PUBLISHED: 12:19 29 June 2019 | UPDATED: 13:32 29 June 2019

Researchers at the Earlham Institute have developed a machine learning platform called AirSurf-Lettuce, which works with computer vision and ultra-scale aerial images to categorise lettuce crops in fields. Picture: Earlham Institute.

Researchers at the Earlham Institute have developed a machine learning platform called AirSurf-Lettuce, which works with computer vision and ultra-scale aerial images to categorise lettuce crops in fields. Picture: Earlham Institute.

Earlham Institute

Artificial intelligence, computer vision and ultra-scale imagery have been combined in a hi-tech project to help East Anglian farmers harvest better lettuce crops.

Researchers at the Earlham Institute (EI) on the Norwich Research Park have teamed up with Ely-based salad specialists G's Growers to developed a system called AirSurf-Lettuce to accurately analyse and categorise lettuces in the field - giving farmers detailed data on which to base their harvesting decisions.

The advanced software combines "machine learning" with sophisticated, ultra-wide-scale imaging analysis to measure the precise quantity, size and location of lettuce plants to help farmers track the exact size and distribution of their crop, and get it to market in the most efficient way possible.

Lettuce is big business in East Anglia, but up to 30pc of yield can be lost due to inefficiencies in the growing process and harvest strategies.

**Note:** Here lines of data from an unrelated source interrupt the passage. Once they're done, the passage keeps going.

(* Let $p$ be an odd prime, $n$ a positive integer, $q=p^n$, and let $f$ be a planar function on $\mathbb F_{q^2}$. Let $\theta\in\mathbb F_{q^2}^*$ be such that $\theta^{q+1}$ is a nonsquare in $\mathbb F_q$, and assume that for every $c\in\mathbb F_{q^2}$, \[\#\{x\in\mathbb F_{q^2}:f(x)=c\}=\#\{y\in\mathbb F_{q^2}:y^2=c\}.\] Then the set $\mathcal U_\theta:=\{(x,t\theta):x\in\mathbb F_{q^2},t\in\mathbb F_q\}\cup\{(\infty)\}$ is a unital in $\Pi(f)$. Furthermore, for such $\theta$, $\mathcal U_\theta$ is a unital in $\Pi(f)$ for each of the following planar functions $f$ on $\mathbb F_{q^2}$: (a) $f(x)=x^2$; (b) $f(x)=x^{p^k+1}$, where $k$ is an integer with $1\le k\le n$ and $2n/\gcd(2n,k)$ odd; (c) $f(x)=x^{(3^k+1)/2}$, where $p=3$ and $\gcd(k,2n)=1$.
   Context: A function $f:\mathbb F_{q^2}\to\mathbb F_{q^2}$ is planar if for every $a\neq 0$ the map $x\mapsto f(x+a)-f(x)$ is a bijection. For planar $f$, $\Pi(f)$ is the projective plane with points $(x,y)\in\mathbb F_{q^2}^2$ and $(a)$ for $a\in\mathbb F_{q^2}\cup\{\infty\}$, and lines $L_{a,b}=\{(x,f(x+a)-b):x\in\mathbb F_{q^2}\}\cup\{(a)\}$ ($a,b\in\mathbb F_{q^2}$), $N_a=\{(a,y):y\in\mathbb F_{q^2}\}\cup\{(\infty)\}$ ($a\in\mathbb F_{q^2}$), $L_\infty=\{(a):a\in\mathbb F_{q^2}\cup\{\infty\}\}$, incidence being membership. A unital in $\Pi(f)$ is a set of $q^3+1$ points meeting every line in exactly $1$ or $q+1$ points. *)

theory Defs
  imports Main "HOL-Computational_Algebra.Primes"
begin

text \<open>Points of \<Pi>(f): affine points (x,y) and ideal points (a), a \<in> F \<union> {\<infinity>};
  the ideal point (\<infinity>) is Ideal None, the point (a) is Ideal (Some a).\<close>
datatype 'a pl_point = Affine 'a 'a | Ideal "'a option"

datatype 'a pl_line = Lab 'a 'a | Nl 'a | Linf

definition planar :: "('a::field \<Rightarrow> 'a) \<Rightarrow> bool" where
  "planar f \<longleftrightarrow> (\<forall>a. a \<noteq> 0 \<longrightarrow> bij (\<lambda>x. f (x + a) - f x))"

fun line_points :: "('a::field \<Rightarrow> 'a) \<Rightarrow> 'a pl_line \<Rightarrow> 'a pl_point set" where
  "line_points f (Lab a b) = {Affine x (f (x + a) - b) | x. True} \<union> {Ideal (Some a)}"
| "line_points f (Nl a) = {Affine a y | y. True} \<union> {Ideal None}"
| "line_points f Linf = range Ideal"

text \<open>A unital in \<Pi>(f), where the ambient field is F_{q^2}.\<close>
definition is_unital :: "nat \<Rightarrow> ('a::field \<Rightarrow> 'a) \<Rightarrow> 'a pl_point set \<Rightarrow> bool" where
  "is_unital q f U \<longleftrightarrow> finite U \<and> card U = q ^ 3 + 1 \<and>
     (\<forall>l. card (U \<inter> line_points f l) = 1 \<or> card (U \<inter> line_points f l) = q + 1)"

definition subfield_q :: "nat \<Rightarrow> 'a::field set" where
  "subfield_q q = {x. x ^ q = x}"

definition U_theta :: "nat \<Rightarrow> 'a::field \<Rightarrow> 'a pl_point set" where
  "U_theta q \<theta> = {Affine x (t * \<theta>) | x t. t \<in> subfield_q q} \<union> {Ideal None}"

end

theory Submission
  imports Defs "HOL-Number_Theory.Residues" "HOL-Computational_Algebra.Polynomial"
    "HOL-Library.Cardinality"
begin

(* The map h w = theta^q * w - theta * w^q is F_q-linear on F_{q^2}, takes values in the
   q-element space {z. z^q = -z} and has kernel F_q * theta.  Hence the affine points of U_theta
   are the (x, y) with h y = 0, and the line L_{a,b} meets U_theta in as many points as there are
   x with h (f (x + a)) = h b; by the fibre hypothesis on f, this is the number of y with
   h (y^2) = h b.  Because theta^(q+1) is a nonsquare in F_q, h (y^2) = 0 only for y = 0; because
   every element of F_q is a square in F_{q^2}, the scalings y |-> mu * y permute the nonzero
   fibres of y |-> h (y^2) transitively, so each of them has (q^2 - 1) / (q - 1) = q + 1 points.
   For the monomials x^d of (a)-(c), d is even and the only d-th roots of unity are +1 and -1,
   so x |-> x^(d/2) is a bijection and x^d has the same fibre sizes as x^2. *)

lemma power_card_UNIV:
  fixes x :: "'a::{field,finite}"
  shows "x ^ CARD('a) = x"
proof (cases "x = 0")
  case False
  have "x * (\<Prod>y\<in>UNIV-{0}. x * y) = x * x ^ (CARD('a) - 1) * \<Prod>(UNIV-{0})"
    by (simp add: prod.distrib mult_ac)
  also have "x * x ^ (CARD('a) - 1) = x ^ CARD('a)"
    using finite_UNIV_card_ge_0[where ?'a = 'a] by (simp flip: power_Suc)
  also have "(\<Prod>y\<in>UNIV-{0}. x * y) = (\<Prod>y\<in>UNIV-{0}. y)"
    by (rule prod.reindex_bij_witness[of _ "\<lambda>y. y / x" "\<lambda>y. x * y"]) (use False in auto)
  finally show ?thesis
    by simp
qed (use finite_UNIV_card_ge_0[where ?'a = 'a] in auto)

lemma power_card_UNIV_minus_one:
  fixes x :: "'a::{field,finite}"
  assumes "x \<noteq> 0"
  shows "x ^ (CARD('a) - 1) = 1"
proof -
  have "x ^ (CARD('a) - 1) * x = x"
    using power_card_UNIV[of x] finite_UNIV_card_ge_0[where ?'a = 'a] by (simp flip: power_Suc2)
  then show ?thesis
    using assms by simp
qed

lemma card_power_eq_poly_le:
  fixes r :: "'a::idom poly"
  assumes "degree r < m"
  shows "card {x. x ^ m = poly r x} \<le> m"
proof -
  have deg: "degree (monom 1 m + - r) = m"
    using assms degree_add_eq_left[of "- r" "monom 1 m"] by (simp add: degree_monom_eq)
  then have "monom 1 m + - r \<noteq> 0"
    using assms by auto
  moreover have "{x. x ^ m = poly r x} = {x. poly (monom 1 m + - r) x = 0}"
    by (simp add: poly_monom)
  ultimately show ?thesis
    using card_poly_roots_bound deg by metis
qed

lemma card_vimage_eq_sum:
  fixes f :: "'a::finite \<Rightarrow> 'b"
  assumes "finite S"
  shows "card (f -` S) = (\<Sum>c\<in>S. card (f -` {c}))"
proof -
  have "f -` S = (\<Union>c\<in>S. f -` {c})"
    by auto
  then show ?thesis
    using assms by (simp only:) (rule card_UN_disjoint, auto)
qed

lemma card_vimage_eq_if_card_fibres_eq:
  fixes f g :: "'a::finite \<Rightarrow> 'b::finite"
  assumes "\<And>c. card (f -` {c}) = card (g -` {c})"
  shows "card (f -` S) = card (g -` S)"
  using card_vimage_eq_sum[of S f] card_vimage_eq_sum[of S g] assms by simp

lemma card_UNIV_eq_card_range_times_card_kernel:
  fixes \<phi> :: "'a::{ab_group_add,finite} \<Rightarrow> 'b::ab_group_add"
  assumes diff: "\<And>x y. \<phi> (x - y) = \<phi> x - \<phi> y"
  shows "CARD('a) = card (range \<phi>) * card {x. \<phi> x = 0}"
proof -
  have fibre: "card (\<phi> -` {\<phi> x}) = card {x. \<phi> x = 0}" for x
  proof -
    have "\<phi> -` {\<phi> x} = (\<lambda>t. t + x) ` {x. \<phi> x = 0}"
    proof (intro equalityI subsetI)
      fix y
      assume "y \<in> \<phi> -` {\<phi> x}"
      then have "\<phi> (y - x) = 0"
        by (simp add: diff)
      then show "y \<in> (\<lambda>t. t + x) ` {x. \<phi> x = 0}"
        by (intro image_eqI[of _ _ "y - x"]) auto
    next
      fix y
      assume "y \<in> (\<lambda>t. t + x) ` {x. \<phi> x = 0}"
      then show "y \<in> \<phi> -` {\<phi> x}"
        using diff[of "y" x] by auto
    qed
    then show ?thesis
      by (simp add: card_image)
  qed
  have "\<phi> -` range \<phi> = UNIV"
    by blast
  then have "CARD('a) = (\<Sum>c\<in>range \<phi>. card (\<phi> -` {c}))"
    using card_vimage_eq_sum[of "range \<phi>" \<phi>] by simp
  also have "\<dots> = (\<Sum>c\<in>range \<phi>. card {x. \<phi> x = 0})"
    by (intro sum.cong refl) (clarsimp simp: fibre)
  also have "\<dots> = card (range \<phi>) * card {x. \<phi> x = 0}"
    by simp
  finally show ?thesis .
qed

lemma card_nonzero_squares:
  assumes "(2::'a::{field,finite}) \<noteq> 0"
  shows "CARD('a) = 2 * card ((\<lambda>y::'a. y ^ 2) ` (UNIV - {0})) + 1"
proof -
  define Sq where "Sq = (\<lambda>y::'a. y ^ 2) ` (UNIV - {0})"
  have fibre_Sq: "card ((\<lambda>y::'a. y ^ 2) -` {c}) = 2" if c: "c \<in> Sq" for c
  proof -
    obtain y where y: "y \<noteq> 0" "c = y ^ 2"
      using c unfolding Sq_def by blast
    have "(\<lambda>y::'a. y ^ 2) -` {c} = {y, -y}"
      by (auto simp: y(2) power2_eq_iff)
    moreover have "y \<noteq> - y"
    proof
      assume "y = - y"
      then have "2 * y = 0"
        by (simp only: mult_2 eq_neg_iff_add_eq_0)
      then show False
        using y(1) assms by simp
    qed
    ultimately show ?thesis
      by simp
  qed
  have "0 \<notin> Sq"
    by (auto simp: Sq_def)
  have "x ^ 2 \<in> insert 0 Sq" for x :: 'a
    by (cases "x = 0") (simp_all add: Sq_def)
  then have "(\<lambda>y::'a. y ^ 2) -` insert 0 Sq = UNIV"
    by blast
  then have "CARD('a) = (\<Sum>c\<in>insert 0 Sq. card ((\<lambda>y::'a. y ^ 2) -` {c}))"
    using card_vimage_eq_sum[of "insert 0 Sq" "\<lambda>y::'a. y ^ 2"] by simp
  also have "\<dots> = card ((\<lambda>y::'a. y ^ 2) -` {0}) + (\<Sum>c\<in>Sq. card ((\<lambda>y::'a. y ^ 2) -` {c}))"
    using \<open>0 \<notin> Sq\<close> by simp
  also have "(\<lambda>y::'a. y ^ 2) -` {0} = {0}"
    by auto
  also have "(\<Sum>c\<in>Sq. card ((\<lambda>y::'a. y ^ 2) -` {c})) = (\<Sum>c\<in>Sq. 2)"
    using fibre_Sq by (rule sum.cong[OF refl])
  finally show ?thesis
    by (simp add: Sq_def)
qed

lemma nonzero_square_iff_power:
  fixes x :: "'a::{field,finite}"
  assumes two: "(2::'a) \<noteq> 0" and "x \<noteq> 0"
  shows "(\<exists>y. y ^ 2 = x) \<longleftrightarrow> x ^ ((CARD('a) - 1) div 2) = 1"
proof -
  define m where "m = (CARD('a) - 1) div 2"
  define Sq where "Sq = (\<lambda>y::'a. y ^ 2) ` (UNIV - {0})"
  have card_Sq: "card Sq = m" and m: "CARD('a) - 1 = 2 * m"
    using card_nonzero_squares[OF two] by (simp_all add: Sq_def m_def)
  have Sq_roots: "Sq \<subseteq> {x. x ^ m = 1}"
  proof
    fix c
    assume "c \<in> Sq"
    then obtain y where "y \<noteq> 0" "c = y ^ 2"
      unfolding Sq_def by blast
    then show "c \<in> {x. x ^ m = 1}"
      using power_card_UNIV_minus_one[of y] m by (simp flip: power_mult)
  qed
  have "1 \<in> Sq"
    unfolding Sq_def by (rule image_eqI[of _ _ 1]) simp_all
  then have "card Sq > 0"
    by (auto simp: card_gt_0_iff)
  then have "m > 0"
    using card_Sq by simp
  then have "card {x::'a. x ^ m = 1} \<le> m"
    using card_power_eq_poly_le[of "[:1:]" m] by simp
  then have "Sq = {x. x ^ m = 1}"
    using card_Sq by (intro card_seteq[OF finite Sq_roots]) simp
  moreover have "(\<exists>y. y ^ 2 = x) \<longleftrightarrow> x \<in> Sq"
    using \<open>x \<noteq> 0\<close> by (auto simp: Sq_def image_iff)
  ultimately show ?thesis
    by (simp add: m_def)
qed
(* Let $(X,d)$ be a complete separable metric space and let $(\xi_j)_{j=1}^n$ be a time-homogeneous Markov process with state space $X$, initial distribution $P^{(1)}$ and transition kernel $p(\cdot\mid x)$. Suppose there exist constants $\kappa_1>0$ and $L\ge 0$ such that: (i) $P^{(1)}$ and every $p(\cdot\mid x)$ ($x\in X$) satisfy $GC(\kappa_1)$ on $(X,d)$; (ii) $x\mapsto p(\cdot\mid x)$ is $L$-Lipschitz from $(X,d)$ to $(\mathrm{Prob}_1(X),W_1)$, i.e. $W_1(p(\cdot\mid x),p(\cdot\mid y))\le L\,d(x,y)$ for all $x,y\in X$. Then the joint law $P^{(n)}$ of $(\xi_1,\dots,\xi_n)$ satisfies $GC(\kappa_n)$ on $(X^n,d^{(1)})$, where $$\kappa_n=\kappa_1\sum_{m=1}^{n}\Bigl(\sum_{k=0}^{m-1}L^k\Bigr)^2.$$
   Context: $\mathrm{Prob}(X)$ is the set of Radon (Borel) probability measures on $X$. A measure $\mu\in\mathrm{Prob}(X)$ satisfies the Gaussian concentration inequality $GC(\kappa)$ on $(X,d)$ if $\int_X e^{tF}\,d\mu\le \exp\bigl(t\int_X F\,d\mu+\kappa t^2/2\bigr)$ for all $t\in\mathbb R$ and all $1$-Lipschitz $F:(X,d)\to\mathbb R$. For $1\le s<\infty$, $\mathrm{Prob}_s(X)$ is the set of $\nu\in\mathrm{Prob}(X)$ with $\int d(x_0,y)^s\nu(dy)<\infty$ for some (equivalently all) $x_0$, and $W_s(\mu,\nu)=\inf_\pi\bigl(\iint d(x,y)^s\pi(dx\,dy)\bigr)^{1/s}$, the infimum over couplings $\pi$ of $\mu$ and $\nu$. On $X^k$, $d^{(s)}(x^{(k)},y^{(k)})=(\sum_{j=1}^k d(x_j,y_j)^s)^{1/s}$. The joint law is $P^{(n)}(dx^{(n)})=p(dx_n\mid x_{n-1})\cdots p(dx_2\mid x_1)P^{(1)}(dx_1)$. *)

theory Defs
  imports "HOL-Probability.Probability"
begin

text \<open>Lipschitz functions are required to be integrable (so that the
  mean is meaningful) and exp(tF) integrable.\<close>
definition GC :: "('b \<Rightarrow> 'b \<Rightarrow> real) \<Rightarrow> real \<Rightarrow> 'b measure \<Rightarrow> bool" where
  "GC d \<kappa> M \<longleftrightarrow>
     (\<forall>F::'b \<Rightarrow> real. (\<forall>x\<in>space M. \<forall>y\<in>space M. \<bar>F x - F y\<bar> \<le> d x y) \<longrightarrow>
        integrable M F \<and>
        (\<forall>t::real. integrable M (\<lambda>x. exp (t * F x)) \<and>
           (\<integral>x. exp (t * F x) \<partial>M) \<le> exp (t * (\<integral>x. F x \<partial>M) + \<kappa> * t\<^sup>2 / 2)))"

The project partners said if farmers could be given a precise understanding of when crops will become harvest-ready, they could optimise the planning of logistics, trading and marketing their produce - improving their efficiency and profitability.

Jacob Kirwan, innovation manager at G's Growers, said: "Farming at a large scale means that precision is essential when ensuring that we are producing crops in an environmentally and economically-sustainable way. Using technology like AirSurf means that growers are able to understand the variability in their fields and crops at a much higher level of detail that was previously possible.

"The decisions that can then be taken from this information, such as varying applications of inputs and irrigation; changing harvest strategies and planning the optimum time to sell crop, will all contribute towards increasing on-farm yields and improving farm productivity."

EI group leader Dr Ji Zhou said: "My lab is keen to seek every possible approach to translate our public-funded research in algorithm design, machine learning, computer vision, and crop phenomics to techniques and tools that can be used by academic and industrial partners to address challenging problems in crop research and crop production.

"We have partnered with G's, leading vegetable growers in the UK, to equip our agri-food sector with smart and precise crop surveillance and analytical methods, for which we are confident that better crop management decisions and enhanced crop marketability could be achieved through our joint efforts."